The "vast right-wing conspiracy" interview happened on Jan. 27, 1998. Most reporting on the scandal suggests that Hillary was in the dark—perhaps willfully—about what her husband had actually done. It wasn't until Aug. 14, 1998, that Clinton admitted the Lewinsky affair to his wife. ("I was trying to protect you and Chelsea," he said, explaining his lies.) So this might not be the most opportune diversion for the GOP.
More to the point, the Lewinsky scandal was fantastic for Clinton. You can see in the Gallup poll's comprehensive chart that opinions of the first lady surged through 1998 and peaked after Bill Clinton was impeached.

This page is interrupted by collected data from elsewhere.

theorem mainTheorem9:
  fixes \<psi> \<psi>d :: "'x::countable \<Rightarrow> 'h::chilbert_space"
    and w :: "'x \<Rightarrow> real"
    and V :: "('x \<Rightarrow> complex) set"
  assumes separable: "\<exists>D::'h set. countable D \<and> closure D = UNIV"
    and w_pos: "\<forall>k. 0 < w k"
    and dual: "dual_frame \<psi> \<psi>d"
    and G_abs: "\<forall>\<alpha>\<in>lw w. \<forall>k. (\<lambda>l. norm (cinner (\<psi> l) (\<psi>d k) * \<alpha> l)) summable_on UNIV"
    and G_bdd: "\<exists>M. \<forall>\<alpha>\<in>lw w. gram \<psi> \<psi>d \<alpha> \<in> lw w \<and>
                   lw_norm w (gram \<psi> \<psi>d \<alpha>) \<le> M * lw_norm w \<alpha>"
    and V_def: "V = {\<alpha> \<in> lw w. gram \<psi> \<psi>d \<alpha> = \<alpha>}"
  shows "coef \<psi>d ` Hinf w \<psi>d \<subseteq> V \<and>
    (\<forall>F\<in>Hinf w \<psi>d. \<forall>G\<in>Hinf w \<psi>d. \<forall>a b::complex.
           (\<lambda>v. a * F v + b * G v) \<in> Hinf w \<psi>d \<and>
           coef \<psi>d (\<lambda>v. a * F v + b * G v) = (\<lambda>k. a * coef \<psi>d F k + b * coef \<psi>d G k)) \<and>
    (\<forall>F\<in>Hinf w \<psi>d. lw_norm w (coef \<psi>d F) = Hinf_norm w \<psi>d F) \<and>
    bij_betw (coef \<psi>d) (Hinf w \<psi>d) V"
proof -
  have into: "coef \<psi>d ` Hinf w \<psi>d \<subseteq> V"
    using coef_Hinf_fixed_by_gram[OF w_pos dual G_abs] unfolding V_def by blast
  moreover have "V \<subseteq> coef \<psi>d ` Hinf w \<psi>d"
    using coef_Hinf_onto_gram_fixed[OF w_pos G_abs G_bdd] unfolding V_def by blast
  ultimately have "bij_betw (coef \<psi>d) (Hinf w \<psi>d) V"
    using inj_on_coef_Hinf unfolding bij_betw_def by blast
  moreover have "\<forall>F\<in>Hinf w \<psi>d. \<forall>G\<in>Hinf w \<psi>d. \<forall>a b::complex.
           (\<lambda>v. a * F v + b * G v) \<in> Hinf w \<psi>d \<and>
           coef \<psi>d (\<lambda>v. a * F v + b * G v) = (\<lambda>k. a * coef \<psi>d F k + b * coef \<psi>d G k)"
    by (simp add: coef_def Hinf_linear_combination[OF w_pos])
  ultimately show ?thesis
    using into by (simp add: Hinf_norm_def)
qed

end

A voter born after, say, 1995 might not even remember the scandal happening. The voters who do remember, generally, sided with Hillary Clinton, turned against Bill (personally—his approval ratings stayed high, thanks to the bubble economy and the GOP's overrreach), and rejected impeachment. Ironically, Hillary Clinton has rarely recovered the high favorables of the Lewinsky period, but Bill's recovered completely. That's only natural, as people always look more kindly on their presidents in retrospect. Heck, George W. Bush basically created a Shi'ite dictatorship in Iraq via deficit spending and a drawn-out war, and we just spent a few days admiring his goofy paintings.